You are viewing a plain text version of this content. The canonical link for it is here.

Posted to user@nutch.apache.org by Polsnet <po...@163.com> on 2009/07/03 06:03:30 UTC

Nutch 1.0 on the limits of the data

Nutch 1.0 largest number of data can support? (File size or number of
records)
-- 
View this message in context: http://www.nabble.com/Nutch-1.0-on-the-limits-of-the-data-tp24317298p24317298.html
Sent from the Nutch - User mailing list archive at Nabble.com.

Re: Nutch 1.0 on the limits of the data

Posted by Otis Gospodnetic <og...@yahoo.com>.

Depends on hardware, of course!

 Otis
--
Sematext -- http://sematext.com/ -- Lucene - Solr - Nutch



----- Original Message ----
> From: Polsnet <po...@163.com>
> To: nutch-user@lucene.apache.org
> Sent: Friday, July 3, 2009 12:03:30 AM
> Subject: Nutch 1.0 on the limits of the data
> 
> 
> Nutch 1.0 largest number of data can support? (File size or number of
> records)
> -- 
> View this message in context: 
> http://www.nabble.com/Nutch-1.0-on-the-limits-of-the-data-tp24317298p24317298.html
> Sent from the Nutch - User mailing list archive at Nabble.com.

Re: Nutch 1.0 on the limits of the data

Posted by Dennis Kubes <ku...@apache.org>.
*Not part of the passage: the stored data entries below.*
(* Let $n\ge2$, $1\le m\le n-1$, and let $G$ satisfy $\mathrm{PSL}_n(q)\trianglelefteq G\le\mathrm{PGL}_n(q)$, acting on the set $\Omega$ of all $m$-dimensional subspaces of $V=\mathbb{F}_q^n$, with $t=|\Omega|$. Then $\mathrm{H}(G)<4\log t$ and $\mathrm{H}(G)<2\min(m,n-m)\,n$.
   Context: Logarithms are to base $2$. $\mathrm{H}(G)$ is the height: the maximum size of a subset $\Lambda\subseteq\Omega$ whose pointwise stabilizer $G_{(\Lambda)}$ differs from $G_{(\Lambda')}$ for every proper subset $\Lambda'\subsetneq\Lambda$. *)

theory Defs
  imports "HOL-Analysis.Analysis"
begin

text \<open>V = F_q^n is rendered as the type 'k^'n with 'k a finite field (q = CARD('k))
  and n = CARD('n).\<close>

definition subspaces_of_dim :: "nat \<Rightarrow> ('k::field ^ 'n) set set" where
  "subspaces_of_dim m = {W. vec.subspace W \<and> vec.dim W = m}"

definition induced_perm :: "nat \<Rightarrow> 'k::field ^ 'n ^ 'n \<Rightarrow> ('k ^ 'n) set \<Rightarrow> ('k ^ 'n) set" where
  "induced_perm m A = (\<lambda>W. if W \<in> subspaces_of_dim m then (\<lambda>v. A *v v) ` W else W)"

text \<open>PGL_n(q) and PSL_n(q) as permutation groups on Omega: images of GL_n(q) and SL_n(q)
  (scalars act trivially, so these are the images of PGL and PSL).\<close>
definition PGL_perms :: "nat \<Rightarrow> (('k::field ^ 'n) set \<Rightarrow> ('k ^ 'n) set) set" where
  "PGL_perms m = induced_perm m ` {A :: 'k ^ 'n ^ 'n. invertible A}"

definition PSL_perms :: "nat \<Rightarrow> (('k::field ^ 'n) set \<Rightarrow> ('k ^ 'n) set) set" where
  "PSL_perms m = induced_perm m ` {A :: 'k ^ 'n ^ 'n. det A = 1}"

definition pointwise_stab :: "('a \<Rightarrow> 'a) set \<Rightarrow> 'a set \<Rightarrow> ('a \<Rightarrow> 'a) set" where
  "pointwise_stab G L = {g \<in> G. \<forall>x\<in>L. g x = x}"

definition height_independent :: "('a \<Rightarrow> 'a) set \<Rightarrow> 'a set \<Rightarrow> bool" where
  "height_independent G L \<longleftrightarrow> (\<forall>L'. L' \<subset> L \<longrightarrow> pointwise_stab G L \<noteq> pointwise_stab G L')"

definition height :: "('a \<Rightarrow> 'a) set \<Rightarrow> 'a set \<Rightarrow> nat" where
  "height G Om = Max (card ` {L. L \<subseteq> Om \<and> height_independent G L})"

end

theory Submission
  imports Defs
begin

text \<open>
  For a family F of subspaces let E(F) be the space of n \<times> n matrices leaving every member of F
  invariant. If L \<subseteq> \<Omega> is independent for G \<le> PGL_n(q), then E strictly shrinks whenever a member
  of L is added to a subfamily: otherwise every element of G fixing L - {W} pointwise would also
  fix W. Elementary matrices measure the loss more precisely. If adding W enlarges the span of
  the family by \<delta>, then E loses at least (n - m)\<delta> dimensions; if it cuts the intersection by \<delta>,
  E loses at least m\<delta>. The two resulting potentials give |L| + 1 \<le> (m + 1)n and
  |L| + 1 \<le> (n - m + 1)n, so H(G) < 2 min(m, n - m) n \<le> 4m(n - m). Finally
  t \<ge> 2^(m(n - m)), witnessed by the row spaces of reduced echelon matrices with 0/1 entries.
  Only G \<le> PGL_n(q) is used.
\<close>

text \<open>
  Matrices are flattened to 'k ^ ('n \<times> 'n): unlike 'k ^ 'n ^ 'n, this is a 'k-vector space
  for \<open>vec\<close>, so spaces of matrices have a dimension.
\<close>

type_synonym ('k, 'n) fmat = "'k ^ ('n \<times> 'n)"

definition fmat_apply :: "('k::field, 'n) fmat \<Rightarrow> 'k ^ 'n \<Rightarrow> 'k ^ 'n" where
  "fmat_apply A x = (\<chi> i. \<Sum>j\<in>UNIV. A $ (i, j) * x $ j)"

definition fmat_of :: "'k::field ^ 'n ^ 'n \<Rightarrow> ('k, 'n) fmat" where
  "fmat_of M = (\<chi> p. M $ fst p $ snd p)"

lemma fmat_apply_fmat_of [simp]: "fmat_apply (fmat_of M) x = M *v x"
  by (simp add: fmat_apply_def fmat_of_def matrix_vector_mult_def)

lemma linear_fmat_apply: "Vector_Spaces.linear (*s) (*s) (fmat_apply A)"
proof -
  have "fmat_apply A = (*v) (\<chi> i j. A $ (i, j))"
    by (simp add: fun_eq_iff fmat_apply_def matrix_vector_mult_def)
  then show ?thesis by simp
qed

lemma fmat_apply_add [simp]: "fmat_apply (A + B) x = fmat_apply A x + fmat_apply B x"
  by (simp add: fmat_apply_def vec_eq_iff algebra_simps sum.distrib)

lemma fmat_apply_scale [simp]: "fmat_apply (c *s A) x = c *s fmat_apply A x"
  by (simp add: fmat_apply_def vec_eq_iff sum_distrib_left mult.assoc)

lemma fmat_apply_zero [simp]: "fmat_apply 0 x = 0"
  by (simp add: fmat_apply_def vec_eq_iff)

lemma fmat_apply_sum: "fmat_apply (sum f S) x = (\<Sum>s\<in>S. fmat_apply (f s) x)"
  by (induction S rule: infinite_finite_induct) simp_all

definition invariant_fmats :: "('k::field ^ 'n) set set \<Rightarrow> ('k, 'n) fmat set" where
  "invariant_fmats F = {A. \<forall>W\<in>F. \<forall>x\<in>W. fmat_apply A x \<in> W}"

lemma invariant_fmats_empty [simp]: "invariant_fmats {} = UNIV"
  by (simp add: invariant_fmats_def)

lemma invariant_fmats_insert: "invariant_fmats (insert W F) = invariant_fmats F \<inter> invariant_fmats {W}"
  unfolding invariant_fmats_def by auto

lemma subspace_invariant_fmats:
  assumes "\<And>W. W \<in> F \<Longrightarrow> vec.subspace W"
  shows "vec.subspace (invariant_fmats F)"
  using assms unfolding vec.subspace_def invariant_fmats_def by auto

lemma subspace_dim_less:
  assumes "vec.subspace S" "vec.subspace T" "S \<subset> T"
  shows "vec.dim (S :: ('k::field ^ 'm) set) < vec.dim T"
  using assms by (metis vec.dim_psubset vec.span_eq_iff)

lemma dim_le_CARD: "vec.dim (S :: ('k::field ^ 'n) set) \<le> CARD('n)"
  using vec.dim_subset[of S UNIV] by (simp add: card_cart_basis)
Simple answer is billions, perhaps tens to hundreds of billions of 
records, as it leverages Hadoop.  Yahoo is currently using Hadoop to 
create its web index.  But as Otis pointed out, Hadoop is parallel 
processing and as such is completely dependent on amount of hardware.

Dennis

Polsnet wrote:
> Nutch 1.0 largest number of data can support? (File size or number of
> records)